(* Let $n\neq 1$ be a real number, $k_n=n-1$, and $k_0,k_1,k_2\in\mathbb{R}$. On the phase space with canonical coordinates $(r,\phi,p_r,p_\phi)$, $r>0$, restricted to the open set where $\cos(k_n\phi)\neq 0$, consider $$H_{nb}=\tfrac12 r^{2n}\Big(p_r^2+\tfrac{p_\phi^2}{r^2}\Big)+\frac{k_0}{r^{2k_n}}\big(\cos^2(k_n\phi)+4\sin^2(k_n\phi)\big)+r^{2k_n}\frac{k_1}{\cos^2(k_n\phi)}+\frac{k_2}{r^{k_n}}\sin(k_n\phi).$$ With $P_1=r^n\big(p_r\cos(k_n\phi)+\tfrac1r p_\phi\sin(k_n\phi)\big)$ and $P_2=r^n\big(p_r\sin(k_n\phi)-\tfrac1r p_\phi\cos(k_n\phi)\big)$, the functions $$J_{b1}=P_1^2+\frac{2k_0}{r^{2k_n}}\cos^2(k_n\phi)+2k_1r^{2k_n}\sec^2(k_n\phi),\qquad J_{b2}=P_2^2+\frac{8k_0}{r^{2k_n}}\sin^2(k_n\phi)+\frac{2k_2}{r^{k_n}}\sin(k_n\phi),$$ $$J_{b3}=P_1p_\phi-\frac{k_0}{r^{3k_n}}\cos(k_n\phi)\sin(2k_n\phi)+k_1r^{k_n}\sec^3(k_n\phi)\sin(2k_n\phi)-\frac{k_2}{2r^{2k_n}}\cos^2(k_n\phi)$$ are three independent constants of motion of $H_{nb}$, i.e. $\{J_{bj},H_{nb}\}=0$ for $j=1,2,3$; hence $H_{nb}$ is superintegrable.
   Context: The Poisson bracket is the canonical one in $(r,\phi,p_r,p_\phi)$. A constant of motion of $H$ is a function $F$ with $\{F,H\}=0$. *)

theory Defs
  imports "HOL-Analysis.Analysis"
begin

type_synonym psfun = "real \<Rightarrow> real \<Rightarrow> real \<Rightarrow> real \<Rightarrow> real"

definition d_r :: "psfun \<Rightarrow> psfun" where
  "d_r F r ph pr pph = deriv (\<lambda>t. F t ph pr pph) r"
definition d_phi :: "psfun \<Rightarrow> psfun" where
  "d_phi F r ph pr pph = deriv (\<lambda>t. F r t pr pph) ph"
definition d_pr :: "psfun \<Rightarrow> psfun" where
  "d_pr F r ph pr pph = deriv (\<lambda>t. F r ph t pph) pr"
definition d_pphi :: "psfun \<Rightarrow> psfun" where
  "d_pphi F r ph pr pph = deriv (\<lambda>t. F r ph pr t) pph"

definition poisson :: "psfun \<Rightarrow> psfun \<Rightarrow> psfun" where
  "poisson F G r ph pr pph =
     d_r F r ph pr pph * d_pr G r ph pr pph - d_pr F r ph pr pph * d_r G r ph pr pph
   + d_phi F r ph pr pph * d_pphi G r ph pr pph - d_pphi F r ph pr pph * d_phi G r ph pr pph"

definition dom_nb :: "real \<Rightarrow> (real \<times> real \<times> real \<times> real) set" where
  "dom_nb n = {(r, ph, pr, pph). r > 0 \<and> cos ((n - 1) * ph) \<noteq> 0}"

definition H_nb :: "real \<Rightarrow> real \<Rightarrow> real \<Rightarrow> real \<Rightarrow> psfun" where
  "H_nb n k0 k1 k2 r ph pr pph =
     (let kn = n - 1 in
      1/2 * r powr (2*n) * (pr^2 + pph^2 / r^2)
      + k0 / r powr (2*kn) * ((cos (kn*ph))^2 + 4 * (sin (kn*ph))^2)
      + r powr (2*kn) * (k1 / (cos (kn*ph))^2)
      + k2 / r powr kn * sin (kn*ph))"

──────────────────────────────

> **How to complete this task**: Search each line of the data above for "lambda", and copy the lines where it occurs.

> **Solution to this problem**:
  "d_r F r ph pr pph = deriv (\<lambda>t. F t ph pr pph) r"
  "d_phi F r ph pr pph = deriv (\<lambda>t. F r t pr pph) ph"
  "d_pr F r ph pr pph = deriv (\<lambda>t. F r ph t pph) pr"
  "d_pphi F r ph pr pph = deriv (\<lambda>t. F r ph pr t) pph"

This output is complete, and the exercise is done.